Yes, but it's a unicorn for a 30 sport Division I athletic program that relies on only one revenue program. As I've said in the past: "it's a school that aspires to be Penn State in one sport and Penn in 29 others." That means, in as many words, that basketball is more than fully funded (it's in the top 12-15 budgets nationally) and the others aren't, and those that aren't know their lane. Football can't get above .500 , for example, because Georgetown still expects 1200+ SATs out of the kids and there aren't a lot of impact RB's with a 3.8 GPA that want to play football without a full grant in aid, but if they go 4-8 no one is firing the coach as a result.

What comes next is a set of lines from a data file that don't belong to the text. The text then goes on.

lemma icb_term_uminus: "icb_term u (- q) z = icb_term u q (u - z)"
  by (simp add: icb_term_def inner_diff_right)

lemma inner_le_norm_if_norm_le_1: "norm (p::'a::real_inner) \<le> 1 \<Longrightarrow> p \<bullet> x \<le> norm x"
  using norm_cauchy_schwarz[of p x] mult_left_le_one_le[of "norm x" "norm p"]
  by (simp add: mult.commute)

text \<open>Weak duality: y + q and y - q are subgradients of the norm.\<close>
lemma inner_le_icb_term:
  fixes u q y z :: "'a::real_inner"
  assumes "norm (y + q) \<le> 1" and "norm (y - q) \<le> 1"
  shows "y \<bullet> u \<le> icb_term u q z"
proof -
  have "(y + q) \<bullet> (u - z) \<le> norm (u - z)" "(y - q) \<bullet> z \<le> norm z"
    using assms by (simp_all add: inner_le_norm_if_norm_le_1)
  then show ?thesis
    unfolding icb_term_def by (simp add: inner_simps inner_commute algebra_simps)
qed

lemma icb_term_nonneg: "norm q \<le> 1 \<Longrightarrow> 0 \<le> icb_term u q z"
  using inner_le_icb_term[of 0 q u z] by simp

lemma diff_inner_le_icb_term:
  fixes u q z :: "'a::real_inner"
  assumes steep: "norm u * (norm q)\<^sup>2 < u \<bullet> q"
  shows "norm u - u \<bullet> q \<le> icb_term u q z"
proof -
  have "u \<noteq> 0"
    using steep by auto
  define w where "w = (1 / norm u) *\<^sub>R u"
  have "norm (w - q + q) \<le> 1"
    using \<open>u \<noteq> 0\<close> by (simp add: w_def)
  moreover have "norm (w - q - q) \<le> 1"
  proof -
    have "(norm (w - q - q))\<^sup>2 = (norm w)\<^sup>2 - 4 * (w \<bullet> q) + 4 * (norm q)\<^sup>2"
      by (simp add: power2_norm_eq_inner inner_diff_left inner_diff_right inner_commute)
    also have "\<dots> = 1 - 4 * (u \<bullet> q - (norm q)\<^sup>2 * norm u) / norm u"
      using \<open>u \<noteq> 0\<close> by (simp add: w_def field_simps)
    also have "\<dots> \<le> 1"
      using steep by (simp add: mult.commute)
    finally show ?thesis
      by (simp add: power_le_one_iff abs_square_le_1)
  qed
  ultimately have "(w - q) \<bullet> u \<le> icb_term u q z"
    by (rule inner_le_icb_term)
  moreover have "(w - q) \<bullet> u = norm u - u \<bullet> q"
    using \<open>u \<noteq> 0\<close> by (simp add: w_def inner_diff_left inner_commute[of q] dot_square_norm power2_eq_square)
  ultimately show ?thesis
    by simp
qed

lemma norm_orth_part_mult_le_icb_term:
  fixes u q z :: "'a::real_inner"
  assumes "norm q \<le> 1"
  shows "norm (orth_part u q) * sqrt (1 - (norm q)\<^sup>2) \<le> icb_term u q z"
proof -
  define p where "p = orth_part u q"
  define y where "y = (sqrt (1 - (norm q)\<^sup>2) / norm p) *\<^sub>R p"
  have "(norm y)\<^sup>2 \<le> 1 - (norm q)\<^sup>2"
    using assms by (cases "p = 0") (simp_all add: y_def power_mult_distrib power_divide power_le_one)
  moreover have "y \<bullet> q = 0"
    by (simp add: y_def p_def)
  ultimately have "(norm (y + q))\<^sup>2 \<le> 1" "(norm (y - q))\<^sup>2 \<le> 1"
    by (simp_all add: power2_norm_eq_inner inner_simps inner_commute)
  then have "y \<bullet> u \<le> icb_term u q z"
    by (intro inner_le_icb_term) (simp_all add: power_le_one_iff abs_square_le_1)
  moreover have "y \<bullet> u = norm p * sqrt (1 - (norm q)\<^sup>2)"
    by (simp add: y_def p_def inner_orth_part_self power2_eq_square)
  ultimately show ?thesis
    by (simp add: p_def)
qed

The entire campus, including the hospital and medical center, is 104 acres, with no room to grow. Most teams don't have facilities of their own and there is no space for practice fields, not even a surface parking lot. There are roughly 60 men's and 65 women's scholarships to go around for 780 kids because of an enrollment cap placed on the university by the DC city government, so literally any scholarship added is at the loss of a paying student, so lots of kids play without grants. Despite the hurdles, Georgetown is competitive in nearly every Big East sport except men's and women's basketball, with strong programs in soccer, lacrosse, swimming, track, rowing, and on a good day, even baseball. The graduation rates outside basketball are uniformly 90% or higher and with legitimate majors to do so. About one in nine undergraduate students play on a team.
Georgetown's president of the past 25 years had to step down after a stroke and a new president takes over in July. The new president has no prior connection whatsoever to Georgetown (Cornell '94, Yale Law '99) nor the basketball program, as his predecessor was involved in the program dating back to his days as an Georgetown undergraduate in the mid-1970s. That can be an opportunity as well as a challenge to a basketball program that has been able to do things its way for a very long time.